Any of you ever had suspicious thoughts about the 'faith as a badge' business? Or do you think it makes sense, especially in light of the Dunn-Wright take on 'works of law'?

Friday, June 19, 2009

Facebook’s What’s on Your Mind?

Had a closer look at Facebook today. I uploaded a few pictures ages ago, but there is so much more to Facebook than that (not breaking news for many of you, I am sure). I actually keyed into 'What's on Your Mind?' today. For those of you who are technical numpties, you simply type in a sentence which follows your name – and your friends can read it and comment. Bit like Twittering, perhaps? A couple of the comments below makes a repeat run worthwhile!

* Chris Tilling is enjoying a new publication on Heilsuniversalismus/Apokatastasis/Universalism, namely Jens Adam's Paulus und die Versöhung aller, and he is flippin loving it - even if some if the German (especially relating to Christine Janovski) is a bit tricky and hence disheartening

* Chris Tilling thinks the USA should be invaded and recaptured for her Majesty, the Queen

Alastair Howard at 19:36 on 19 June

I think we should make more of Independence Day over here, but for different reasons to the yanks...

* Chris Tilling has changed his mind about the aforementioned invasion

* Chris Tilling is wondering whether squirrels squeak if lobbed over a fence with a 9-iron

Rick Brannan at 18:30 on 19 June

I think it would have more to do with the 9 iron than the fence. Presumably if the 9 iron whacked 'em into the fence instead of over it, they'd squeak (9 iron) and then splat (fence)

Alastair Roberts at 20:17 on 19 June

There is only one way to find out. Let us know what you discover.

* Chris Tilling is wondering what it would happen if he was mistaken for a huge leg at Battersea Dog's Home.

(I'm not sure this last one makes any sense beyond my own twisted mind)

Spock-like logic

I've recently been reading up on the history and nature of logic, with attention on Aristotle, Frege, Russell etc . So, my inner genius just came up with the following syllogism:

  1. The effect of violence on a person can be good for that person's soul
  2. Things that are good for one's soul are always good
  3. Therefore, violence is always good.

I thank you.

Saturday, June 13, 2009

An introduction to a short ‘commentary’ on Romans

Here is a first draft – and it is already about 200 words too long! Your thoughts are, as always, appreciated.

In 1545, Martin Luther, the famous initiator of the Protestant Reformation, sat with pen in hand and mused upon his 'conversion' experience. Though 'a monk without reproach', he described his state as 'a sinner before God with an extremely disturbed conscience'. But upon reading a text in Romans 1 he started to understand the righteousness of God not as a threat but as 'the passive righteousness with which merciful God justifies us by faith'. Thus it was through a text in Romans that he felt he had 'entered paradise itself through open gates'. John Calvin likewise said that 'if we have gained a true understanding of this Epistle, we have an open door to all the most profound treasures of Scripture'.
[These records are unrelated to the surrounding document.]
(* Let $k\ge 3$ be an integer, $X$ a finite connected poset and $F$ a field admitting a primitive $(k-1)$-th root of unity with $\mathrm{char}(F)\nmid k$. Then every bijective $F$-linear map $\varphi:I(X,F)\to I(X,F)$ with $\varphi(P_k(I(X,F)))\subseteq P_k(I(X,F))$ is of the form $\varphi=r\psi$, where $r\in F$ satisfies $r^{k-1}=1$ and $\psi$ is either an automorphism or an anti-automorphism of $I(X,F)$.
   Context: $I(X,F)$ is the incidence algebra of the locally finite poset $X$ over $F$ (functions $f:X\times X\to F$ vanishing unless $x\le y$, with product $(fg)(x,y)=\sum_{x\le z\le y}f(x,z)g(z,y)$). A poset is connected if any two elements are joined by a finite sequence of elements in which consecutive elements are comparable. $P_k(A)=\{a: a^k=a\}$ is the set of $k$-potents. *)

theory Defs
  imports Main
begin

definition poset_on :: "'a set \<Rightarrow> ('a \<Rightarrow> 'a \<Rightarrow> bool) \<Rightarrow> bool" where
  "poset_on X le \<longleftrightarrow>
     (\<forall>x\<in>X. le x x) \<and>
     (\<forall>x\<in>X. \<forall>y\<in>X. le x y \<and> le y x \<longrightarrow> x = y) \<and>
     (\<forall>x\<in>X. \<forall>y\<in>X. \<forall>z\<in>X. le x y \<and> le y z \<longrightarrow> le x z)"

definition comparable_step :: "'a set \<Rightarrow> ('a \<Rightarrow> 'a \<Rightarrow> bool) \<Rightarrow> 'a \<Rightarrow> 'a \<Rightarrow> bool" where
  "comparable_step X le u v \<longleftrightarrow> u \<in> X \<and> v \<in> X \<and> (le u v \<or> le v u)"

definition connected_poset :: "'a set \<Rightarrow> ('a \<Rightarrow> 'a \<Rightarrow> bool) \<Rightarrow> bool" where
  "connected_poset X le \<longleftrightarrow> (\<forall>x\<in>X. \<forall>y\<in>X. (comparable_step X le)\<^sup>*\<^sup>* x y)"

definition incidence_alg :: "'a set \<Rightarrow> ('a \<Rightarrow> 'a \<Rightarrow> bool) \<Rightarrow> ('a \<Rightarrow> 'a \<Rightarrow> 'f::field) set" where
  "incidence_alg X le = {f. \<forall>x y. f x y \<noteq> 0 \<longrightarrow> x \<in> X \<and> y \<in> X \<and> le x y}"

definition inc_mult :: "'a set \<Rightarrow> ('a \<Rightarrow> 'a \<Rightarrow> bool) \<Rightarrow> ('a \<Rightarrow> 'a \<Rightarrow> 'f::field)
    \<Rightarrow> ('a \<Rightarrow> 'a \<Rightarrow> 'f) \<Rightarrow> ('a \<Rightarrow> 'a \<Rightarrow> 'f)" where
  "inc_mult X le f g = (\<lambda>x y. if x \<in> X \<and> y \<in> X \<and> le x y
      then (\<Sum>z\<in>{z\<in>X. le x z \<and> le z y}. f x z * g z y) else 0)"

definition inc_one :: "'a set \<Rightarrow> ('a \<Rightarrow> 'a \<Rightarrow> 'f::field)" where
  "inc_one X = (\<lambda>x y. if x \<in> X \<and> x = y then 1 else 0)"

fun inc_pow :: "'a set \<Rightarrow> ('a \<Rightarrow> 'a \<Rightarrow> bool) \<Rightarrow> ('a \<Rightarrow> 'a \<Rightarrow> 'f::field) \<Rightarrow> nat
    \<Rightarrow> ('a \<Rightarrow> 'a \<Rightarrow> 'f)" where
  "inc_pow X le f 0 = inc_one X"
| "inc_pow X le f (Suc n) = inc_mult X le f (inc_pow X le f n)"

definition k_potents :: "nat \<Rightarrow> 'a set \<Rightarrow> ('a \<Rightarrow> 'a \<Rightarrow> bool) \<Rightarrow> ('a \<Rightarrow> 'a \<Rightarrow> 'f::field) set" where
  "k_potents k X le = {a \<in> incidence_alg X le. inc_pow X le a k = a}"

definition inc_smult :: "'f::field \<Rightarrow> ('a \<Rightarrow> 'a \<Rightarrow> 'f) \<Rightarrow> ('a \<Rightarrow> 'a \<Rightarrow> 'f)" where
  "inc_smult c f = (\<lambda>x y. c * f x y)"

definition inc_add :: "('a \<Rightarrow> 'a \<Rightarrow> 'f::field) \<Rightarrow> ('a \<Rightarrow> 'a \<Rightarrow> 'f) \<Rightarrow> ('a \<Rightarrow> 'a \<Rightarrow> 'f)" where
  "inc_add f g = (\<lambda>x y. f x y + g x y)"

definition inc_linear :: "'a set \<Rightarrow> ('a \<Rightarrow> 'a \<Rightarrow> bool)
    \<Rightarrow> (('a \<Rightarrow> 'a \<Rightarrow> 'f::field) \<Rightarrow> ('a \<Rightarrow> 'a \<Rightarrow> 'f)) \<Rightarrow> bool" where
  "inc_linear X le \<phi> \<longleftrightarrow>
     (\<forall>f\<in>incidence_alg X le. \<forall>g\<in>incidence_alg X le. \<phi> (inc_add f g) = inc_add (\<phi> f) (\<phi> g)) \<and>
     (\<forall>c. \<forall>f\<in>incidence_alg X le. \<phi> (inc_smult c f) = inc_smult c (\<phi> f))"

definition inc_automorphism :: "'a set \<Rightarrow> ('a \<Rightarrow> 'a \<Rightarrow> bool)
    \<Rightarrow> (('a \<Rightarrow> 'a \<Rightarrow> 'f::field) \<Rightarrow> ('a \<Rightarrow> 'a \<Rightarrow> 'f)) \<Rightarrow> bool" where
  "inc_automorphism X le \<psi> \<longleftrightarrow>
     bij_betw \<psi> (incidence_alg X le) (incidence_alg X le) \<and> inc_linear X le \<psi> \<and>
     \<psi> (inc_one X) = inc_one X \<and>
     (\<forall>f\<in>incidence_alg X le. \<forall>g\<in>incidence_alg X le.
        \<psi> (inc_mult X le f g) = inc_mult X le (\<psi> f) (\<psi> g))"

definition inc_anti_automorphism :: "'a set \<Rightarrow> ('a \<Rightarrow> 'a \<Rightarrow> bool)
    \<Rightarrow> (('a \<Rightarrow> 'a \<Rightarrow> 'f::field) \<Rightarrow> ('a \<Rightarrow> 'a \<Rightarrow> 'f)) \<Rightarrow> bool" where
  "inc_anti_automorphism X le \<psi> \<longleftrightarrow>
     bij_betw \<psi> (incidence_alg X le) (incidence_alg X le) \<and> inc_linear X le \<psi> \<and>
     \<psi> (inc_one X) = inc_one X \<and>
     (\<forall>f\<in>incidence_alg X le. \<forall>g\<in>incidence_alg X le.
        \<psi> (inc_mult X le f g) = inc_mult X le (\<psi> g) (\<psi> f))"

definition primitive_root_of_unity :: "nat \<Rightarrow> 'f::field \<Rightarrow> bool" where
  "primitive_root_of_unity n w \<longleftrightarrow> w ^ n = 1 \<and> (\<forall>j. 0 < j \<and> j < n \<longrightarrow> w ^ j \<noteq> 1)"

end

theory Submission
  imports Defs "HOL-Library.Function_Algebras" "HOL-Computational_Algebra.Polynomial"
begin

text \<open>
  Write \<open>k = m + 1\<close> and let \<open>w\<close> be a primitive \<open>m\<close>-th root of unity. For an idempotent \<open>e\<close>, all
  \<open>e + w^j (1 - e)\<close> are \<open>k\<close>-potents, so \<open>\<phi> e + t \<phi>(1 - e)\<close> is a \<open>k\<close>-potent for the \<open>m\<close> values
  \<open>t = w^j\<close>; a Vandermonde argument on the coefficients of \<open>(a + t b)^k\<close> then forces
  \<open>\<phi> e \<phi>(1 - e) = 0\<close>. Hence \<open>\<phi> 1\<close> commutes with every \<open>\<phi> e\<close>, thus with the whole algebra, and as
  \<open>X\<close> is connected \<open>\<phi> 1 = r 1\<close> with \<open>r^m = 1\<close>; the map \<open>\<psi> = r\<^sup>-\<^sup>1 \<phi>\<close> preserves idempotents.

  A bijective linear map \<open>\<psi>\<close> preserving \<open>1\<close> and idempotents sends the diagonal units \<open>e\<^sub>x\<^sub>x\<close> to a
  complete family of orthogonal idempotents, which a unit conjugates to the diagonal units
  \<open>e\<^sub>\<sigma>\<^sub>x\<^sub>\<sigma>\<^sub>x\<close> for a permutation \<open>\<sigma>\<close>. Testing the conjugated map on the idempotents
  \<open>e\<^sub>x\<^sub>x \<plusminus> e\<^sub>x\<^sub>y\<close> shows that it sends \<open>e\<^sub>x\<^sub>y\<close> to a multiple of \<open>e\<^sub>\<sigma>\<^sub>x\<^sub>\<sigma>\<^sub>y\<close> or of
  \<open>e\<^sub>\<sigma>\<^sub>y\<^sub>\<sigma>\<^sub>x\<close>. Idempotents built from three matrix units force adjacent comparable pairs to be
  mapped with the same orientation, so by connectedness the orientation is global, and \<open>\<psi>\<close> is
  multiplicative or anti-multiplicative.
\<close>

section \<open>Incidence algebras of finite posets\<close>

definition inc_unit :: "'a \<Rightarrow> 'a \<Rightarrow> 'a \<Rightarrow> 'a \<Rightarrow> 'f::field" where
  "inc_unit i j = (\<lambda>x y. if x = i \<and> y = j then 1 else 0)"

lemma inc_unit_apply: "inc_unit i j x y = (if x = i \<and> y = j then 1 else 0)"
  by (simp add: inc_unit_def)

lemma inc_unit_neq_zero: "inc_unit i j \<noteq> 0"
  by (auto simp: fun_eq_iff inc_unit_def dest: spec[of _ i])

lemma inc_smult_apply: "inc_smult c f x y = c * f x y"
  by (simp add: inc_smult_def)

lemma inc_add_eq_plus: "inc_add f g = f + g"
  by (simp add: inc_add_def fun_eq_iff)

lemma sum_fun_apply: "(sum F S) x = (\<Sum>i\<in>S. F i x)"
  by (induct S rule: infinite_finite_induct) auto

lemma inc_smult_smult: "inc_smult c (inc_smult d f) = inc_smult (c * d) f"
  by (simp add: fun_eq_iff inc_smult_apply mult.assoc)

lemma inc_smult_add: "inc_smult c (f + g) = inc_smult c f + inc_smult c g"
  by (simp add: inc_smult_apply fun_eq_iff distrib_left)

lemma inc_smult_one [simp]: "inc_smult 1 f = f"
  by (simp add: inc_smult_apply fun_eq_iff)

lemma inc_smult_zero [simp]: "inc_smult 0 f = 0" "inc_smult c 0 = 0"
  by (simp_all add: inc_smult_apply fun_eq_iff)

lemma inc_smult_sum: "inc_smult c (sum F S) = (\<Sum>i\<in>S. inc_smult c (F i))"
proof (induct S rule: infinite_finite_induct)
  case (insert x S)
  then show ?case by (simp only: sum.insert[OF insert(1,2)] inc_smult_add insert(3))
qed (simp_all add: fun_eq_iff inc_smult_apply)

locale finite_poset =
  fixes X :: "'a set" and le :: "'a \<Rightarrow> 'a \<Rightarrow> bool"
  assumes finite_X: "finite X" and poset: "poset_on X le"
begin

abbreviation inc_times :: "('a \<Rightarrow> 'a \<Rightarrow> 'f::field) \<Rightarrow> ('a \<Rightarrow> 'a \<Rightarrow> 'f) \<Rightarrow> ('a \<Rightarrow> 'a \<Rightarrow> 'f)"
    (infixl "\<star>" 70) where "f \<star> g \<equiv> inc_mult X le f g"

abbreviation \<I> :: "('a \<Rightarrow> 'a \<Rightarrow> 'f::field) set" where "\<I> \<equiv> incidence_alg X le"

text \<open>\<open>\<one>\<close> is the identity of \<open>I(X,F)\<close>, not the constant function \<open>1\<close> of \<open>Function_Algebras\<close>.\<close>

abbreviation inc_id :: "'a \<Rightarrow> 'a \<Rightarrow> 'f::field" ("\<one>") where "\<one> \<equiv> inc_one X"

lemma le_refl_on: "x \<in> X \<Longrightarrow> le x x"
  using poset unfolding poset_on_def by blast

lemma le_antisym_on: "x \<in> X \<Longrightarrow> y \<in> X \<Longrightarrow> le x y \<Longrightarrow> le y x \<Longrightarrow> x = y"
  using poset unfolding poset_on_def by blast

lemma le_trans_on: "x \<in> X \<Longrightarrow> y \<in> X \<Longrightarrow> z \<in> X \<Longrightarrow> le x y \<Longrightarrow> le y z \<Longrightarrow> le x z"
  using poset unfolding poset_on_def by blast

lemma inc_mult_apply: "(f \<star> g) x y = (if x \<in> X \<and> y \<in> X \<and> le x y
    then (\<Sum>z\<in>{z\<in>X. le x z \<and> le z y}. f x z * g z y) else 0)"
  by (simp add: inc_mult_def)

lemma incidence_alg_vanishes:
  "f \<in> \<I> \<Longrightarrow> \<not> (x \<in> X \<and> y \<in> X \<and> le x y) \<Longrightarrow> f x y = 0"
  by (auto simp: incidence_alg_def)

lemma incidence_alg_iff: "f \<in> \<I> \<longleftrightarrow> (\<forall>x y. \<not> (x \<in> X \<and> y \<in> X \<and> le x y) \<longrightarrow> f x y = 0)"
  by (auto simp: incidence_alg_def)

lemma inc_mult_in [simp]: "f \<star> g \<in> \<I>"
  by (auto simp: incidence_alg_def inc_mult_apply split: if_splits)

lemma zero_in [simp]: "0 \<in> \<I>"
  by (simp add: incidence_alg_def)

lemma add_in [simp]: "f \<in> \<I> \<Longrightarrow> g \<in> \<I> \<Longrightarrow> f + g \<in> \<I>"
  by (simp add: incidence_alg_iff)

lemma diff_in [simp]: "f \<in> \<I> \<Longrightarrow> g \<in> \<I> \<Longrightarrow> f - g \<in> \<I>"
  by (simp add: incidence_alg_iff)

lemma inc_smult_in [simp]: "f \<in> \<I> \<Longrightarrow> inc_smult c f \<in> \<I>"
  by (simp add: inc_smult_apply incidence_alg_iff)

lemma sum_in: "(\<And>i. i \<in> S \<Longrightarrow> F i \<in> \<I>) \<Longrightarrow> sum F S \<in> \<I>"
  by (induct S rule: infinite_finite_induct) auto

lemma inc_one_in [simp]: "\<one> \<in> \<I>"
  by (auto simp: incidence_alg_def inc_one_def le_refl_on)

lemma inc_unit_in [simp]: "i \<in> X \<Longrightarrow> j \<in> X \<Longrightarrow> le i j \<Longrightarrow> inc_unit i j \<in> \<I>"
  by (auto simp: incidence_alg_def inc_unit_def)

lemma inc_mult_assoc: "(f \<star> g) \<star> h = f \<star> (g \<star> h)"
proof (intro ext)
  fix x y
  show "((f \<star> g) \<star> h) x y = (f \<star> (g \<star> h)) x y"
  proof (cases "x \<in> X \<and> y \<in> X \<and> le x y")
    case False thus ?thesis unfolding inc_mult_apply[of _ _ x y] by auto
  next
    case True
    define I where "I = {z\<in>X. le x z \<and> le z y}"
    have fin: "finite I" using finite_X by (simp add: I_def)
    have "((f \<star> g) \<star> h) x y = (\<Sum>z\<in>I. (f \<star> g) x z * h z y)"
      using True by (simp add: inc_mult_apply[of _ _ x y] I_def)
    also have "\<dots> = (\<Sum>z\<in>I. (\<Sum>w\<in>{w\<in>X. le x w \<and> le w z}. f x w * g w z) * h z y)"
      using True by (intro sum.cong) (auto simp: inc_mult_apply I_def)
    also have "\<dots> = (\<Sum>z\<in>I. \<Sum>w\<in>{w. w \<in> I \<and> le w z}. f x w * g w z * h z y)"
    proof (rule sum.cong[OF refl])
      fix z assume z: "z \<in> I"
      have "{w\<in>X. le x w \<and> le w z} = {w. w \<in> I \<and> le w z}"
        using z True by (auto simp: I_def intro: le_trans_on)
      thus "(\<Sum>w\<in>{w\<in>X. le x w \<and> le w z}. f x w * g w z) * h z y =
          (\<Sum>w\<in>{w. w \<in> I \<and> le w z}. f x w * g w z * h z y)"
        by (simp add: sum_distrib_right)
    qed
    also have "\<dots> = (\<Sum>w\<in>I. \<Sum>z\<in>{z. z \<in> I \<and> le w z}. f x w * g w z * h z y)"
      using sum.swap_restrict[OF fin fin, of "\<lambda>z w. f x w * g w z * h z y" "\<lambda>z w. le w z"]
      by simp
    also have "\<dots> = (\<Sum>w\<in>I. f x w * (\<Sum>z\<in>{z\<in>X. le w z \<and> le z y}. g w z * h z y))"
    proof (rule sum.cong[OF refl])
      fix w assume w: "w \<in> I"
      have "{z\<in>X. le w z \<and> le z y} = {z. z \<in> I \<and> le w z}"
        using w True by (auto simp: I_def intro: le_trans_on)
      thus "(\<Sum>z\<in>{z. z \<in> I \<and> le w z}. f x w * g w z * h z y) =
          f x w * (\<Sum>z\<in>{z\<in>X. le w z \<and> le z y}. g w z * h z y)"
        by (simp add: sum_distrib_left mult.assoc)
    qed
    also have "\<dots> = (\<Sum>w\<in>I. f x w * (g \<star> h) w y)"
      using True by (intro sum.cong) (auto simp: inc_mult_apply I_def)
    also have "\<dots> = (f \<star> (g \<star> h)) x y"
      using True by (simp add: inc_mult_apply[of _ _ x y] I_def)
    finally show ?thesis .
  qed
qed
Open 'doors' and 'gates' ... yet many find that Romans rather slams these doors shut, a matter all the more tangible these days given the contemporary debate in Pauline studies concerning the language of 'justification', 'law', 'righteousness' and 'the faith of Christ'. To help open doors for contemporary travellers into these Himalayas of Pauline theology, it will prove most useful to keep in mind two issues: i) the situation Paul addressed and ii) the place of Christ's life, death and resurrection in the story of Israel. This is important as Paul may well have been attempting to answer a different (even if overlapping) set of problems to those generated by Luther's 'extremely disturbed conscience'.

The situation: for reasons which are not necessary to examine here, Romans was likely written into a context of tension between Jewish and Gentile Christians. Indeed, it is likely that some Gentile Christians felt superior to Jewish believers, people who had probably only recently returned to the Roman Church after a temporary exile from Rome because of an Edict by Emperor Claudius.

The story: the bumpy narrative of the Old Testament (OT) Scriptures is as follows: it runs from creation, fall, God's redemptive solution for fallen creation in the covenant with Abraham, through Egypt, the exodus, conquest of the land, the judges and the monarchy, the inheritance of the curse of the law and the Assyrian and Babylonian exiles, and finally a partial, yet incomplete, restoration. So ends the OT. Yet the OT Prophets had spoken of a time when God's redemptive plans, through Abraham's family, would be fulfilled, a time when God would make a new covenant, pour out his Spirit, raise up a messianic leader, reunite the 12 scattered tribes, establish his people in the land, glorify his own name etc (see, for example, Isaiah 40:1-5, 10-11; 43:5-11; 49:5-13; 52:1-10; 56:3-8; 61:1-4; Jeremiah 16:14-16; 29:14; 31:8-11; 32:37-42; Ezekiel 11:17-20; 28:25-26; 34:1-3, 5, 10-24; 36:19-28; 37:12-28; 39:25-29; Zechariah 8). The centuries leading up to the New Testament period did not see the fulfilment of the prophetic promises; Israel rather experienced the (often brutal) rule of one foreign empire after another. So many asked when would God act to fulfil his promises. When would God be faithful to his covenant with Abraham, and what was God to do if his own covenant people continued in the sin which led them into exile in the first place?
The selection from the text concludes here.